Etat de Siege (Sıkı Yönetim): Costa Gavras'la tanışma filmim bu da. 1970 filmi. Devrim amaçlı uygulanan şiddeti ve sınırlarını sorgulatıyor insana. Örneğin birini kaçırıp devleti tehdit etmek ne zaman meşru sayılabilir? Devlet rehineyi gözden çıkarırsa ne olur? Baştan öldürürüz diye tehdit ettiyseniz fakat öldürmeye meraklı bi örgüt değilseniz ya? Öldürürseniz halktan aldığınız desteği kaybedebilirsiniz, propaganda dünyası "devrimci dedikleriniz aslında terörist" diye  çınlatır ortalığı. Öldürmezseniz bütün ciddiyetinizi kaybedersiniz. Emperyalizmin yaşaması üç beş insanın hayatına bağlı değil, der film, öldürmekle yenemezsin onu. Ya da ben bunu anladım.

Putin'in Rusyası:  2011 belgeseli. Putin öncesi, başa geçişi ve sonrası. Ne kadar tarafsız olduğunu bilemem ama yakın geçmiş olaylarına şöyle bi göz atmak için faydalı. Öte yandan Batıyla kavgası medeniyete gıcığı olan bünyeme haz vermedi değil.

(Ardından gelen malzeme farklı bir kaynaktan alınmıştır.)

lemma ashift_in_Ainf:
  assumes "0 < p" "1 \<le> f" "k \<in> zp_inv p" "z \<in> Ainf p f"
  shows "ashift k z \<in> Ainf p f"
  unfolding Ainf_def
proof (intro CollectI conjI allI impI)
  fix e assume "ashift k z e \<noteq> 0"
  then have shifted: "valid_exp p f (\<lambda>i. e i - (if i = 0 then k else 0))"
    using Ainf_valid_exp[OF assms(4)] unfolding ashift_def by blast
  show "valid_exp p f e"
    unfolding valid_exp_def
  proof (intro conjI allI impI)
    fix i assume "f \<le> i"
    then have "i \<noteq> 0" "e i - (if i = 0 then k else 0) = 0"
      using assms(2) shifted by (simp_all add: valid_exp_def)
    then show "e i = 0" by simp
  next
    fix i assume "i < f"
    then have "e i - (if i = 0 then k else 0) \<in> zp_inv p"
      using shifted by (simp add: valid_exp_def)
    then show "e i \<in> zp_inv p"
      using zp_inv_add[OF assms(1) _ assms(3), of "e 0 - k"] by (cases "i = 0") simp_all
  qed
next
  fix N :: rat
  have "{e. ashift k z e \<noteq> 0 \<and> e 0 < N}
    \<subseteq> (\<lambda>e i. e i + (if i = 0 then k else 0)) ` {e. z e \<noteq> 0 \<and> e 0 < N - k}"
  proof
    fix e assume "e \<in> {e. ashift k z e \<noteq> 0 \<and> e 0 < N}"
    then show "e \<in> (\<lambda>e i. e i + (if i = 0 then k else 0)) ` {e. z e \<noteq> 0 \<and> e 0 < N - k}"
      by (intro image_eqI[of _ _ "\<lambda>i. e i - (if i = 0 then k else 0)"]) (auto simp: ashift_def)
  qed
  then show "finite {e. ashift k z e \<noteq> 0 \<and> e 0 < N}"
    using Ainf_finite_below[OF assms(4)] finite_subset by blast
qed

lemma val_ge_ashift: "val_ge r z \<Longrightarrow> val_ge (r + k) (ashift k z)"
  unfolding val_ge_def ashift_def by force

lemma Lop_eq_ashift:
  "Lop p f h c x = (\<lambda>e. c * ashift (- of_nat ((p ^ f - 1) * h)) ((aphi p f ^^ f) x) e)"
  unfolding Lop_def asmult_def amult_aT0pow aphiq_def ..

lemma Lop_in_Ainf:
  assumes "0 < p" "1 \<le> f" "x \<in> Ainf p f"
  shows "Lop p f h c x \<in> Ainf p f"
proof -
  have A: "ashift (- of_nat ((p ^ f - 1) * h)) ((aphi p f ^^ f) x) \<in> Ainf p f"
    using assms zp_inv_of_int[of "- int ((p ^ f - 1) * h)"]
    by (intro ashift_in_Ainf aphi_pow_in_Ainf) simp_all
  show ?thesis
    unfolding Lop_eq_ashift by (rule Ainf_support_subset[OF A A]) auto
qed

lemma Lop_lin_comb:
  assumes "0 < p" "1 \<le> f" "x \<in> Ainf p f" "z \<in> Ainf p f"
  shows "Lop p f h c (\<lambda>e. a * x e + b * z e) = (\<lambda>e. a * Lop p f h c x e + b * Lop p f h c z e)"
  unfolding Lop_eq_ashift aphi_pow_lin_comb[OF assms] by (simp add: ashift_def algebra_simps)

lemma val_ge_Lop:
  assumes "0 < p" "val_ge r x"
  shows "val_ge (of_nat (p ^ f) * r - of_nat ((p ^ f - 1) * h)) (Lop p f h c x)"
proof -
  have "val_ge (of_nat p ^ f * r) ((aphi p f ^^ f) x)"
    by (rule val_ge_aphi_pow[OF assms])
  from val_ge_ashift[OF this, of "- of_nat ((p ^ f - 1) * h)"]
  show ?thesis unfolding Lop_eq_ashift val_ge_def by auto
qed

section \<open>T_{K,0}-adically convergent series\<close>

lemma apsum_0: "apsum s 0 = (\<lambda>e. 0)"
  by (simp add: apsum_def)

lemma apsum_Suc: "apsum s (Suc N) = (\<lambda>e. apsum s N e + s N e)"
  by (simp add: apsum_def)

lemma apsum_in_Ainf: "(\<And>n. s n \<in> Ainf p f) \<Longrightarrow> apsum s N \<in> Ainf p f"
proof (induction N)
  case (Suc N)
  show ?case
    unfolding apsum_Suc by (rule Ainf_support_subset[OF Suc.IH[OF Suc.prems] Suc.prems]) auto
qed (simp add: apsum_0 zero_in_Ainf)

definition val_tendsto_top :: "(nat \<Rightarrow> (nat \<Rightarrow> rat) \<Rightarrow> 'a::zero) \<Rightarrow> bool" where
  "val_tendsto_top s \<longleftrightarrow> (\<forall>B. \<exists>N. \<forall>n\<ge>N. val_ge B (s n))"

text \<open>
If val_tendsto_top s, i.e. s n tends to 0 T_{K,0}-adically,
each coefficient is a finite sum and asuminf s is the limit of the partial sums; otherwise
infinite sums silently default to 0.
\<close>

definition asuminf :: "(nat \<Rightarrow> (nat \<Rightarrow> rat) \<Rightarrow> 'a::field) \<Rightarrow> (nat \<Rightarrow> rat) \<Rightarrow> 'a" where
  "asuminf s = (\<lambda>e. \<Sum>n | s n e \<noteq> 0. s n e)"

lemma val_tendsto_top_linear:
  assumes "0 < \<delta>" "\<And>n. val_ge (r + of_nat n * \<delta>) (s n)"
  shows "val_tendsto_top s"
  unfolding val_tendsto_top_def
proof
  fix B
  obtain N where N: "B - r < of_nat N * \<delta>" using ex_less_of_nat_mult[OF assms(1)] by blast
  have "val_ge B (s n)" if "N \<le> n" for n
  proof (rule val_ge_mono[OF assms(2)])
    have "of_nat N * \<delta> \<le> of_nat n * \<delta>"
      using that assms(1) by (intro mult_right_mono) simp_all
    then show "B \<le> r + of_nat n * \<delta>"
      using N by linarith
  qed
  then show "\<exists>N. \<forall>n\<ge>N. val_ge B (s n)" by blast
qed

lemma val_tendsto_top_finite_support:
  assumes "val_tendsto_top s"
  shows "finite {n. s n e \<noteq> 0}"
proof -
  obtain N where "\<And>n. N \<le> n \<Longrightarrow> val_ge (e 0 + 1) (s n)"
    using assms unfolding val_tendsto_top_def by blast
  then have "n < N" if "s n e \<noteq> 0" for n
    using that by (metis val_ge_def not_le less_add_one linorder_not_less)
  then have "{n. s n e \<noteq> 0} \<subseteq> {..<N}"
    by blast
  then show ?thesis by (rule finite_subset) simp
qed

lemma asuminf_nonzero_imp: "asuminf s e \<noteq> 0 \<Longrightarrow> \<exists>n. s n e \<noteq> 0"
  unfolding asuminf_def by (meson sum.not_neutral_contains_not_neutral)

lemma val_ge_asuminf_tail:
  assumes "val_tendsto_top s" "\<And>n. N \<le> n \<Longrightarrow> val_ge B (s n)"
  shows "val_ge B (asub (asuminf s) (apsum s N))"
  unfolding val_ge_def
proof (intro allI impI)
  fix e assume nonzero: "asub (asuminf s) (apsum s N) e \<noteq> 0"
  obtain K where "\<forall>n\<in>{n. s n e \<noteq> 0}. n < K"
    using val_tendsto_top_finite_support[OF assms(1)] finite_nat_set_iff_bounded by blast
  then have K: "{n. s n e \<noteq> 0} \<subseteq> {..<max K N}" by auto
  have "asuminf s e = (\<Sum>n<max K N. s n e)"
    unfolding asuminf_def by (rule sum.mono_neutral_left) (use K in auto)
  also have "\<dots> = apsum s N e + (\<Sum>n\<in>{N..<max K N}. s n e)"
    unfolding apsum_def by (metis lessThan_atLeast0 max.cobounded2 sum.atLeastLessThan_concat zero_le)
  finally have "(\<Sum>n\<in>{N..<max K N}. s n e) \<noteq> 0"
    using nonzero by (simp add: asub_def)
  then obtain n where "N \<le> n" "s n e \<noteq> 0"
    by (meson atLeastLessThan_iff sum.not_neutral_contains_not_neutral)
  then show "B \<le> e 0" using assms(2) by (simp add: val_ge_def)
qed

lemma asuminf_in_Ainf:
  assumes "\<And>n. s n \<in> Ainf p f" "val_tendsto_top s"
  shows "asuminf s \<in> Ainf p f"
  unfolding Ainf_def
proof (intro CollectI conjI allI impI)
  fix e assume "asuminf s e \<noteq> 0"
  then show "valid_exp p f e"
    using asuminf_nonzero_imp Ainf_valid_exp[OF assms(1)] by blast
next
  fix B :: rat
  obtain N where "\<And>n. N \<le> n \<Longrightarrow> val_ge B (s n)"
    using assms(2) unfolding val_tendsto_top_def by blast
  then have tail: "val_ge B (asub (asuminf s) (apsum s N))"
    by (rule val_ge_asuminf_tail[OF assms(2)])
  have "asub (asuminf s) (apsum s N) e = 0" if "e 0 < B" for e
    using tail that by (rule val_geD)
  then have "{e. asuminf s e \<noteq> 0 \<and> e 0 < B} \<subseteq> {e. apsum s N e \<noteq> 0 \<and> e 0 < B}"
    by (auto simp: asub_def)
  then show "finite {e. asuminf s e \<noteq> 0 \<and> e 0 < B}"
    using Ainf_finite_below[OF apsum_in_Ainf[OF assms(1)]] by (rule finite_subset)
qed

lemma powr_neg_linear_LIMSEQ_0:
  fixes b d :: real
  assumes "1 < b" "0 < d"
  shows "(\<lambda>n. b powr (- (a + real n * d))) \<longlonglongrightarrow> 0"
proof -
  have "b powr (- (a + real n * d)) = b powr (- a) * (b powr (- d)) ^ n" for n
  proof -
    have "(b powr (- d)) ^ n = b powr (- d * real n)"
      using assms(1) by (simp add: powr_realpow[symmetric] powr_powr)
    then show ?thesis
      by (simp add: powr_add[symmetric] algebra_simps)
  qed
  moreover have "(\<lambda>n. b powr (- a) * (b powr (- d)) ^ n) \<longlonglongrightarrow> 0"
    using assms by (intro tendsto_mult_right_zero LIMSEQ_power_zero) (simp_all add: powr_less_one)
  ultimately show ?thesis by simp
qed

section \<open>Contracting operators\<close>

text \<open>The parameter r plays the role of h, and the factor 2 in L_contracting is a lower bound
for q = p^f.\<close>

locale Ainf_contraction =
  fixes p f :: nat and r :: rat and L :: "((nat \<Rightarrow> rat) \<Rightarrow> 'a::field) \<Rightarrow> (nat \<Rightarrow> rat) \<Rightarrow> 'a"
  assumes p_gt_1: "1 < p"
    and L_in_Ainf: "x \<in> Ainf p f \<Longrightarrow> L x \<in> Ainf p f"
    and L_lin_comb: "x \<in> Ainf p f \<Longrightarrow> z \<in> Ainf p f
      \<Longrightarrow> L (\<lambda>e. a * x e + b * z e) = (\<lambda>e. a * L x e + b * L z e)"
    and L_contracting: "0 \<le> d \<Longrightarrow> val_ge (r + d) x \<Longrightarrow> val_ge (r + 2 * d) (L x)"
begin

lemma L_asub: "x \<in> Ainf p f \<Longrightarrow> z \<in> Ainf p f \<Longrightarrow> L (asub x z) = asub (L x) (L z)"
  using L_lin_comb[of x z 1 "-1"] by (simp add: asub_def)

Weiner: 2016 ABD yapımı belgesel. Hillary Clinton'ın ekibinden olan Weiner'in, seks içerikli fotoğraf ve yazışmalarının sosyal medyada yayılması üzerine ettiği kavgaları anlatıyor. Siyasetin nasıl ikiyüzlü bi şey olduğunu bu kadar net görünce kimseye oy vermeme isteği uyanıyor insanda. Bu da Amerikanın oyunu olsa gerek, oyuna gelmeyin, büyük resmi görüp oy verin yine de.

Bakur: PKK'da günlük hayat ve sıradan PKKlılar ne düşünüyor, konulu 2016 yapımı belgesel. Ayrıntılı olarak yazmıştım daha önce.